I am addicted to my cell phone.  I take it to church; does that make me a bad person?  While my paper Bible is open, I am trolling my Bible app in search of more verses to study and am taking notes to look at later.  I have my phone when I am spending time with my family; does that make me a bad sister, daughter, auntie?  I catch the most adorable moments with my addiction (I put them at the bottom of this post.)

To tear a child's work up, literally, because he was looking at his phone makes me wonder two things:  What if my boss tore up my work? What does that teach? (Because kids will learn from our actions before they ever learn from our words.) And the other question is: why are we giving tests that can be Googled?  That's not testing skills.  That's testing content. The ability to regurgitate.  Which no one can do better than Google.  I wouldn't even try.

I have been in classes where cell phones weren't an issue.  How?  Because the teacher had taught them how valuable they can be in class.  I am right now writing from my laptop and my cellphone is next to me.  Need to spell a word? "Hey, Siri, how do you spell immunoelectrophoretically? Actually, I just asked her what the hardest word to spell was.  She gave me a list of the top 10.  She's so smart.

You know when I check my phone?  When I am bored.  Stop boring your students.

I realize we cannot make it our sole purpose to entertain them every minute of every day, but you know what we could do?  Teach them the value of a moment.  Teach them when to capture a snapshot and when to put the phone down and simply take it all in.  Instead of teaching kids that cellphones are the devil and are rotting their brains and are not to be used in class, how about let's teach them the difference of a cellphone used at home and a cellphone used at school. Let's teach them the excitement of inquiry, the wonder of wondering, let's make it so they are so busy learning that the only thing they are snapchatting is the awesomeness of their own discovery.

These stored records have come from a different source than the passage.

(* Let $b:(0,\infty)\to(0,\infty)$ be a slowly varying function. Then there is a function $c:(0,\infty)\to(0,\infty)$ which satisfies $c\approx b$ on $(0,\infty)$, is also slowly varying, and has continuous classical derivatives of all orders (i.e. $c\in\mathcal{C}^\infty((0,\infty))$).
   Context: A measurable function $b:(0,\infty)\to(0,\infty)$ is called slowly varying (s.v.) if for every $\varepsilon>0$ there exist a non-decreasing function $b_\varepsilon$ and a non-increasing function $b_{-\varepsilon}$ on $(0,\infty)$ such that $t^{\varepsilon}b(t)\approx b_\varepsilon(t)$ and $t^{-\varepsilon}b(t)\approx b_{-\varepsilon}(t)$ on $(0,\infty)$. Here $f\approx g$ on a set $A$ means that there is a constant $C\ge 1$ (independent of the argument) such that $C^{-1}g(t)\le f(t)\le C g(t)$ for all $t\in A$. Measurability is with respect to Lebesgue measure. *)

theory Defs
  imports "HOL-Analysis.Analysis"
begin

definition equiv_on :: "real set \<Rightarrow> (real \<Rightarrow> real) \<Rightarrow> (real \<Rightarrow> real) \<Rightarrow> bool" where
  "equiv_on A f g \<longleftrightarrow> (\<exists>C\<ge>1. \<forall>t\<in>A. g t / C \<le> f t \<and> f t \<le> C * g t)"

definition slowly_varying :: "(real \<Rightarrow> real) \<Rightarrow> bool" where
  "slowly_varying b \<longleftrightarrow>
     b \<in> borel_measurable (lebesgue_on {0<..}) \<and>
     (\<forall>t>0. b t > 0) \<and>
     (\<forall>\<epsilon>>0. \<exists>bp bm :: real \<Rightarrow> real.
        mono_on {0<..} bp \<and> antimono_on {0<..} bm \<and>
        equiv_on {0<..} (\<lambda>t. t powr \<epsilon> * b t) bp \<and>
        equiv_on {0<..} (\<lambda>t. t powr (-\<epsilon>) * b t) bm)"

definition smooth_on :: "real set \<Rightarrow> (real \<Rightarrow> real) \<Rightarrow> bool" where
  "smooth_on S c \<longleftrightarrow>
     (\<forall>k. (\<forall>t\<in>S. ((deriv ^^ k) c) differentiable (at t)) \<and> continuous_on S ((deriv ^^ k) c))"

end

theory Submission
  imports Defs "HOL-Computational_Algebra.Polynomial"
begin

(* Fix a smooth bump \<psi> supported in (1/2, 2) and put c t = \<Sum>n\<in>\<int>. b (2^n) * \<psi> (t / 2^n).
   Near each t > 0 only finitely many terms are nonzero, so c is smooth. Slow variation with
   \<epsilon> = 1 makes b s and b t uniformly comparable for t \<le> s \<le> 2t, and \<psi> s + \<psi> (s/2) is bounded
   below on [1, 2], whence c \<approx> b. Finally, a positive measurable function equivalent to a slowly
   varying one is slowly varying, since multiplying by t powr \<epsilon> preserves equivalence. *)

lemma equiv_on_trans:
  assumes "equiv_on A f g" "equiv_on A g h"
  shows "equiv_on A f h"
proof -
  obtain C where C: "C \<ge> 1" "\<And>t. t \<in> A \<Longrightarrow> g t / C \<le> f t \<and> f t \<le> C * g t"
    using assms(1) unfolding equiv_on_def by blast
  obtain D where D: "D \<ge> 1" "\<And>t. t \<in> A \<Longrightarrow> h t / D \<le> g t \<and> g t \<le> D * h t"
    using assms(2) unfolding equiv_on_def by blast
  show ?thesis
    unfolding equiv_on_def
  proof (intro exI[of _ "C * D"] conjI ballI)
    show "1 \<le> C * D"
      using C(1) D(1) by (metis mult_mono' mult_1 zero_le_one)
    fix t assume "t \<in> A"
    with C D have "h t \<le> D * g t" "g t \<le> C * f t" "f t \<le> C * g t" "g t \<le> D * h t"
      by (auto simp: divide_le_eq mult.commute)
    with C(1) D(1) have "h t \<le> C * D * f t" "f t \<le> C * D * h t"
      by (smt (verit) mult.assoc mult.left_commute mult_left_mono)+
    then show "h t / (C * D) \<le> f t" "f t \<le> C * D * h t"
      using C(1) D(1) by (simp_all add: divide_le_eq mult.commute)
  qed
qed
lemma form_antisym:
  assumes "x \<in> V" "y \<in> V"
  shows "\<omega> y x = - \<omega> x y"
proof -
  have xy: "x + y \<in> V" using assms subspace_add[OF subspace_V] by blast
  have "\<omega> (x + y) (x + y) = \<omega> x x + \<omega> x y + (\<omega> y x + \<omega> y y)"
    using form_linear_left[OF xy, unfolded linear_on_def, rule_format, of x y 1]
      form_linear_right[unfolded linear_on_def, rule_format, of _ x y 1] assms xy by simp
  moreover have "\<forall>x\<in>V. \<omega> x x = 0" using symplectic unfolding symplectic_form_def by blast
  ultimately show ?thesis using assms xy by (simp add: eq_neg_iff_add_eq_0 add.commute)
qed

text \<open>Only meaningful on \<open>heis\<close>, where the decomposition \<open>v + a e\<close> is unique.\<close>
definition e_coeff :: "'v \<Rightarrow> 'k" where
  "e_coeff z = (SOME a. z - scale a e \<in> V)"

lemma e_coeff_in_V:
  assumes "z \<in> heis"
  shows "z - scale (e_coeff z) e \<in> V"
proof -
  obtain v a where "v \<in> V" "z = v + scale a e" using assms by blast
  then have "\<exists>a. z - scale a e \<in> V" by (metis add_diff_cancel)
  then show ?thesis unfolding e_coeff_def by (rule someI_ex)
qed

lemma e_coeff_eq: "v \<in> V \<Longrightarrow> e_coeff (v + scale a e) = a"
  using e_coeff_in_V[of "v + scale a e"] e_coeff_unique[of _ v] by force

lemma bracket_in_heis: "w \<in> V \<Longrightarrow> br x w \<in> heis"
proof -
  assume "w \<in> V"
  then have "w + scale 0 e \<in> heis" by blast
  then show ?thesis using ideal unfolding lie_ideal_def by simp
qed

lemma linear_on_e_coeff_bracket: "linear_on scale (*) V (\<lambda>w. e_coeff (br x w))"
  unfolding linear_on_def
proof (intro allI ballI)
  fix c w1 w2 assume w: "w1 \<in> V" "w2 \<in> V"
  define v1 where "v1 = br x w1 - scale (e_coeff (br x w1)) e"
  define v2 where "v2 = br x w2 - scale (e_coeff (br x w2)) e"
  have v: "v1 \<in> V" "v2 \<in> V" unfolding v1_def v2_def using e_coeff_in_V bracket_in_heis w by auto
  have "br x (scale c w1 + w2) = scale c (br x w1) + br x w2" by (rule bracket_linear_right)
  also have "\<dots> = (scale c v1 + v2) + scale (c * e_coeff (br x w1) + e_coeff (br x w2)) e"
    unfolding v1_def v2_def by (simp add: scale_right_diff_distrib scale_left_distrib algebra_simps)
  finally have "br x (scale c w1 + w2)
      = (scale c v1 + v2) + scale (c * e_coeff (br x w1) + e_coeff (br x w2)) e" .
  moreover have "scale c v1 + v2 \<in> V" using v subspace_add[OF subspace_V] subspace_scale[OF subspace_V] by blast
  ultimately show "e_coeff (br x (scale c w1 + w2)) = c * e_coeff (br x w1) + e_coeff (br x w2)"
    by (simp add: e_coeff_eq)
qed

lemma normalizer_plus_V: "{x + y | x y. x \<in> lie_normalizer br V \<and> y \<in> V} = UNIV"
proof -
  have "x \<in> {x + y | x y. x \<in> lie_normalizer br V \<and> y \<in> V}" for x
  proof -
    obtain S where S: "finite S" "span S = UNIV" using finite_dim unfolding fin_dim_def by blast
    obtain u where u: "u \<in> V" "\<forall>w\<in>V. \<omega> u w = e_coeff (br x w)"
      using nondegenerate_form_represents[OF subspace_V S(1) _ _ _ form_nondegenerate
          linear_on_e_coeff_bracket] S(2) form_linear_left form_linear_right by blast
    have "br (x - u) w \<in> V" if "w \<in> V" for w
      using e_coeff_in_V[OF bracket_in_heis] that u by (simp add: bracket_diff_left bracket_V)
    then have "x - u \<in> lie_normalizer br V" unfolding lie_normalizer_def by blast
    then show ?thesis using u(1) by (intro CollectI exI[of _ "x - u"] exI[of _ u]) simp
  qed
  then show ?thesis by blast
qed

They are growing up in a completely different world.  Instead of forcing our ideas on them, let's force them to come up with their own ideas.  I bet they will surprise you; they do me.

And now for adorable family moments caught with the use of my cellphone:

 




4 comments:

  1. I agree. A teacher having issues with cellphones is a classroom management or lesson engagement issue, not an addiction. A student will not even think about their cellphone if a lesson is engaging.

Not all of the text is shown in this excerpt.